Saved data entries
(* Let $\gamma$ be a future-directed timelike curve in $M$. Then every $\bar P\in\bar M$ of the form $\bar P=(I^-[\gamma],P^* )$ is a future endpoint of $\gamma$ in $(\bar M,\bar{\mathcal T})$: every $\bar{\mathcal T}$-open set containing $\bar P$ contains $\Phi$ of some final (future) segment of $\gamma$.
   Context: Let $M$ be a strongly causal spacetime (a time-oriented Lorentzian manifold in which every point has a neighbourhood that no non-spacelike curve enters more than once). $I^\pm(p)$ denotes the chronological future/past of $p\in M$, $I^\pm(S)=\bigcup_{s\in S}I^\pm(s)$, and for a curve $\gamma$ we write $I^\pm[\gamma]=I^\pm(\gamma)$. A past-set is a set $I^-(S)$ with $S\subset M$. An IP is a nonempty past-set that is not the union of two proper subsets which are past-sets. IFs are defined dually. Every set $I^-[\gamma]$ with $\gamma$ timelike is an IP. For an IP $P$, $f(P)=I^+(\{x:P\subset I^-(x)\})$. For an IF $P^*$, $p(P^* )=I^-(\{x:P^*\subset I^+(x)\})$. $R_{pf}$ is the set of pairs $(P,Q^* )$ (with $P$ an IP and $Q^*$ an IF) such that both of the following hold: - $Q^*$ is a maximal IF (under inclusion) contained in $f(P)$; - $P$ is a maximal IP contained in $p(Q^* )$. $\bar M$ is the set of pairs $\bar P=(P,P^* )$ such that one of the following holds: - $(P,P^* )\in R_{pf}$; - $P=\emptyset$ and $P^*$ is an IF occurring in no pair of $R_{pf}$; - $P^*=\emptyset$ and $P$ is an IP occurring in no pair of $R_{pf}$. $\Phi(p)=(I^-(p),I^+(p))$ is an injection $M\to\bar M$. Limits of sets: for past-sets $P_n$ and $Q$, $Q=\lim P_n$ means both of the following: - (i) each $x\in Q$ lies in $P_n$ for all sufficiently large $n$; - (ii) for each $x\in M$ with $I^-(x)\not\subset Q$, one has $I^-(x)\not\subset P_n$ for all sufficiently large $n$. Limits of future-sets are defined dually. For $\bar S\subset\bar M$ define: - $L^+_{IF}(\bar S)=\{\bar Q:Q^*\ne\emptyset,\ Q^*\subset\bigcup_{\bar P\in\bar S}P^*\}$; - $L^-_{IP}(\bar S)=\{\bar Q:Q\ne\emptyset,\ Q\subset\bigcup_{\bar P\in\bar S}P\}$; - $Cl_{FB}(\bar S)=\bar S\cup\{\bar Q:Q^*=\emptyset,\ Q=\lim P_n\text{ for some sequence }\bar P_n\in\bar S\}$; - $Cl_{PB}(\bar S)=\bar S\cup\{\bar Q:Q=\emptyset,\ Q^*=\lim P_n^*\text{ for some sequence }\bar P_n\in\bar S\}$; - $L^+(\bar S)=Cl_{FB}[\bar S\cup L^+_{IF}(\bar S)]$; - $L^-(\bar S)=Cl_{PB}[\bar S\cup L^-_{IP}(\bar S)]$. $\bar{\mathcal T}$ is the coarsest topology on $\bar M$ in which $\bar M\setminus L^\pm(\bar S)$ are open for every $\bar S\subset\bar M$. *)

theory Defs
  imports "HOL-Analysis.Analysis"
begin

text \<open>The spacetime M is modelled as a Hausdorff
topological space (the type 'a) together with its chronology relation
chr p q  (meaning  p << q, i.e. q lies in the chronological future of p).\<close>

definition Ipast :: "('a \<Rightarrow> 'a \<Rightarrow> bool) \<Rightarrow> 'a \<Rightarrow> 'a set" where
  "Ipast chr p = {q. chr q p}"

definition Ifut :: "('a \<Rightarrow> 'a \<Rightarrow> bool) \<Rightarrow> 'a \<Rightarrow> 'a set" where
  "Ifut chr p = {q. chr p q}"

definition IpastS :: "('a \<Rightarrow> 'a \<Rightarrow> bool) \<Rightarrow> 'a set \<Rightarrow> 'a set" where
  "IpastS chr S = (\<Union>s\<in>S. Ipast chr s)"

definition IfutS :: "('a \<Rightarrow> 'a \<Rightarrow> bool) \<Rightarrow> 'a set \<Rightarrow> 'a set" where
  "IfutS chr S = (\<Union>s\<in>S. Ifut chr s)"

definition past_set :: "('a \<Rightarrow> 'a \<Rightarrow> bool) \<Rightarrow> 'a set \<Rightarrow> bool" where
  "past_set chr A \<longleftrightarrow> (\<exists>S. A = IpastS chr S)"

definition future_set :: "('a \<Rightarrow> 'a \<Rightarrow> bool) \<Rightarrow> 'a set \<Rightarrow> bool" where
  "future_set chr A \<longleftrightarrow> (\<exists>S. A = IfutS chr S)"

definition IP :: "('a \<Rightarrow> 'a \<Rightarrow> bool) \<Rightarrow> 'a set \<Rightarrow> bool" where
  "IP chr A \<longleftrightarrow> A \<noteq> {} \<and> past_set chr A \<and>
     \<not> (\<exists>B C. past_set chr B \<and> past_set chr C \<and> B \<subset> A \<and> C \<subset> A \<and> A = B \<union> C)"

definition IF :: "('a \<Rightarrow> 'a \<Rightarrow> bool) \<Rightarrow> 'a set \<Rightarrow> bool" where
  "IF chr A \<longleftrightarrow> A \<noteq> {} \<and> future_set chr A \<and>
     \<not> (\<exists>B C. future_set chr B \<and> future_set chr C \<and> B \<subset> A \<and> C \<subset> A \<and> A = B \<union> C)"

definition fP :: "('a \<Rightarrow> 'a \<Rightarrow> bool) \<Rightarrow> 'a set \<Rightarrow> 'a set" where
  "fP chr P = IfutS chr {x. P \<subseteq> Ipast chr x}"

definition pF :: "('a \<Rightarrow> 'a \<Rightarrow> bool) \<Rightarrow> 'a set \<Rightarrow> 'a set" where
  "pF chr F = IpastS chr {x. F \<subseteq> Ifut chr x}"

definition Rpf :: "('a \<Rightarrow> 'a \<Rightarrow> bool) \<Rightarrow> ('a set \<times> 'a set) set" where
  "Rpf chr = {(P, Q). IP chr P \<and> IF chr Q \<and>
      Q \<subseteq> fP chr P \<and> (\<forall>Q'. IF chr Q' \<and> Q' \<subseteq> fP chr P \<and> Q \<subseteq> Q' \<longrightarrow> Q' = Q) \<and>
      P \<subseteq> pF chr Q \<and> (\<forall>P'. IP chr P' \<and> P' \<subseteq> pF chr Q \<and> P \<subseteq> P' \<longrightarrow> P' = P)}"

definition barM :: "('a \<Rightarrow> 'a \<Rightarrow> bool) \<Rightarrow> ('a set \<times> 'a set) set" where
  "barM chr = Rpf chr
     \<union> {(P, F). P = {} \<and> IF chr F \<and> \<not> (\<exists>P'. (P', F) \<in> Rpf chr)}
     \<union> {(P, F). F = {} \<and> IP chr P \<and> \<not> (\<exists>F'. (P, F') \<in> Rpf chr)}"

definition Phi :: "('a \<Rightarrow> 'a \<Rightarrow> bool) \<Rightarrow> 'a \<Rightarrow> 'a set \<times> 'a set" where
  "Phi chr p = (Ipast chr p, Ifut chr p)"

definition past_lim :: "('a \<Rightarrow> 'a \<Rightarrow> bool) \<Rightarrow> 'a set \<Rightarrow> (nat \<Rightarrow> 'a set) \<Rightarrow> bool" where
  "past_lim chr Q Ps \<longleftrightarrow>
     (\<forall>x\<in>Q. \<forall>\<^sub>F n in sequentially. x \<in> Ps n) \<and>
     (\<forall>x. \<not> Ipast chr x \<subseteq> Q \<longrightarrow> (\<forall>\<^sub>F n in sequentially. \<not> Ipast chr x \<subseteq> Ps n))"

definition fut_lim :: "('a \<Rightarrow> 'a \<Rightarrow> bool) \<Rightarrow> 'a set \<Rightarrow> (nat \<Rightarrow> 'a set) \<Rightarrow> bool" where
  "fut_lim chr Q Ps \<longleftrightarrow>
     (\<forall>x\<in>Q. \<forall>\<^sub>F n in sequentially. x \<in> Ps n) \<and>
     (\<forall>x. \<not> Ifut chr x \<subseteq> Q \<longrightarrow> (\<forall>\<^sub>F n in sequentially. \<not> Ifut chr x \<subseteq> Ps n))"

definition L_IF :: "('a \<Rightarrow> 'a \<Rightarrow> bool) \<Rightarrow> ('a set \<times> 'a set) set \<Rightarrow> ('a set \<times> 'a set) set" where
  "L_IF chr S = {Q \<in> barM chr. snd Q \<noteq> {} \<and> snd Q \<subseteq> (\<Union>P\<in>S. snd P)}"

definition L_IP :: "('a \<Rightarrow> 'a \<Rightarrow> bool) \<Rightarrow> ('a set \<times> 'a set) set \<Rightarrow> ('a set \<times> 'a set) set" where
  "L_IP chr S = {Q \<in> barM chr. fst Q \<noteq> {} \<and> fst Q \<subseteq> (\<Union>P\<in>S. fst P)}"

definition Cl_FB :: "('a \<Rightarrow> 'a \<Rightarrow> bool) \<Rightarrow> ('a set \<times> 'a set) set \<Rightarrow> ('a set \<times> 'a set) set" where
  "Cl_FB chr S = S \<union> {Q \<in> barM chr. snd Q = {} \<and>
      (\<exists>Ps. (\<forall>n. Ps n \<in> S) \<and> past_lim chr (fst Q) (\<lambda>n. fst (Ps n)))}"

definition Cl_PB :: "('a \<Rightarrow> 'a \<Rightarrow> bool) \<Rightarrow> ('a set \<times> 'a set) set \<Rightarrow> ('a set \<times> 'a set) set" where
  "Cl_PB chr S = S \<union> {Q \<in> barM chr. fst Q = {} \<and>
      (\<exists>Ps. (\<forall>n. Ps n \<in> S) \<and> fut_lim chr (snd Q) (\<lambda>n. snd (Ps n)))}"

definition Lplus :: "('a \<Rightarrow> 'a \<Rightarrow> bool) \<Rightarrow> ('a set \<times> 'a set) set \<Rightarrow> ('a set \<times> 'a set) set" where
  "Lplus chr S = Cl_FB chr (S \<union> L_IF chr S)"

definition Lminus :: "('a \<Rightarrow> 'a \<Rightarrow> bool) \<Rightarrow> ('a set \<times> 'a set) set \<Rightarrow> ('a set \<times> 'a set) set" where
  "Lminus chr S = Cl_PB chr (S \<union> L_IP chr S)"

definition barT :: "('a \<Rightarrow> 'a \<Rightarrow> bool) \<Rightarrow> ('a set \<times> 'a set) topology" where
  "barT chr = topology_generated_by
     ({barM chr - Lplus chr S | S. S \<subseteq> barM chr} \<union> {barM chr - Lminus chr S | S. S \<subseteq> barM chr})"

definition strongly_causal_chronology :: "('a::topological_space \<Rightarrow> 'a \<Rightarrow> bool) \<Rightarrow> bool" where
  "strongly_causal_chronology chr \<longleftrightarrow>
     (\<forall>p q r. chr p q \<longrightarrow> chr q r \<longrightarrow> chr p r) \<and>
     (\<forall>p. \<not> chr p p) \<and>
     (\<forall>p. open (Ipast chr p) \<and> open (Ifut chr p)) \<and>
     (\<forall>p. Ipast chr p \<noteq> {} \<and> Ifut chr p \<noteq> {}) \<and>
     (\<forall>p q. chr p q \<longrightarrow> (\<exists>r. chr p r \<and> chr r q)) \<and>
     \<comment> \<open>strong causality: the Alexandrov sets form a neighbourhood base\<close>
     (\<forall>U p. open U \<and> p \<in> U \<longrightarrow> (\<exists>x y. chr x p \<and> chr p y \<and> Ifut chr x \<inter> Ipast chr y \<subseteq> U)) \<and>
     (\<forall>p. Phi chr p \<in> barM chr) \<and> inj (Phi chr)"

text \<open>Future-directed timelike curve, parametrised on an interval D of reals
without a largest element (so that "future end" makes sense).\<close>
definition fd_timelike_curve :: "('a::topological_space \<Rightarrow> 'a \<Rightarrow> bool) \<Rightarrow> real set \<Rightarrow> (real \<Rightarrow> 'a) \<Rightarrow> bool" where
  "fd_timelike_curve chr D \<gamma> \<longleftrightarrow>
     is_interval D \<and> D \<noteq> {} \<and> (\<forall>t\<in>D. \<exists>s\<in>D. t < s) \<and>
     continuous_on D \<gamma> \<and> (\<forall>s\<in>D. \<forall>t\<in>D. s < t \<longrightarrow> chr (\<gamma> s) (\<gamma> t))"

end

theory Submission
  imports Defs
begin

Work to be completed
In the records above, some lines may contain the word "noteq"; copy every one of them.

Task solution
  "IP chr A \<longleftrightarrow> A \<noteq> {} \<and> past_set chr A \<and>
  "IF chr A \<longleftrightarrow> A \<noteq> {} \<and> future_set chr A \<and>
  "L_IF chr S = {Q \<in> barM chr. snd Q \<noteq> {} \<and> snd Q \<subseteq> (\<Union>P\<in>S. snd P)}"
  "L_IP chr S = {Q \<in> barM chr. fst Q \<noteq> {} \<and> fst Q \<subseteq> (\<Union>P\<in>S. fst P)}"
     (\<forall>p. Ipast chr p \<noteq> {} \<and> Ifut chr p \<noteq> {}) \<and>
     is_interval D \<and> D \<noteq> {} \<and> (\<forall>t\<in>D. \<exists>s\<in>D. t < s) \<and>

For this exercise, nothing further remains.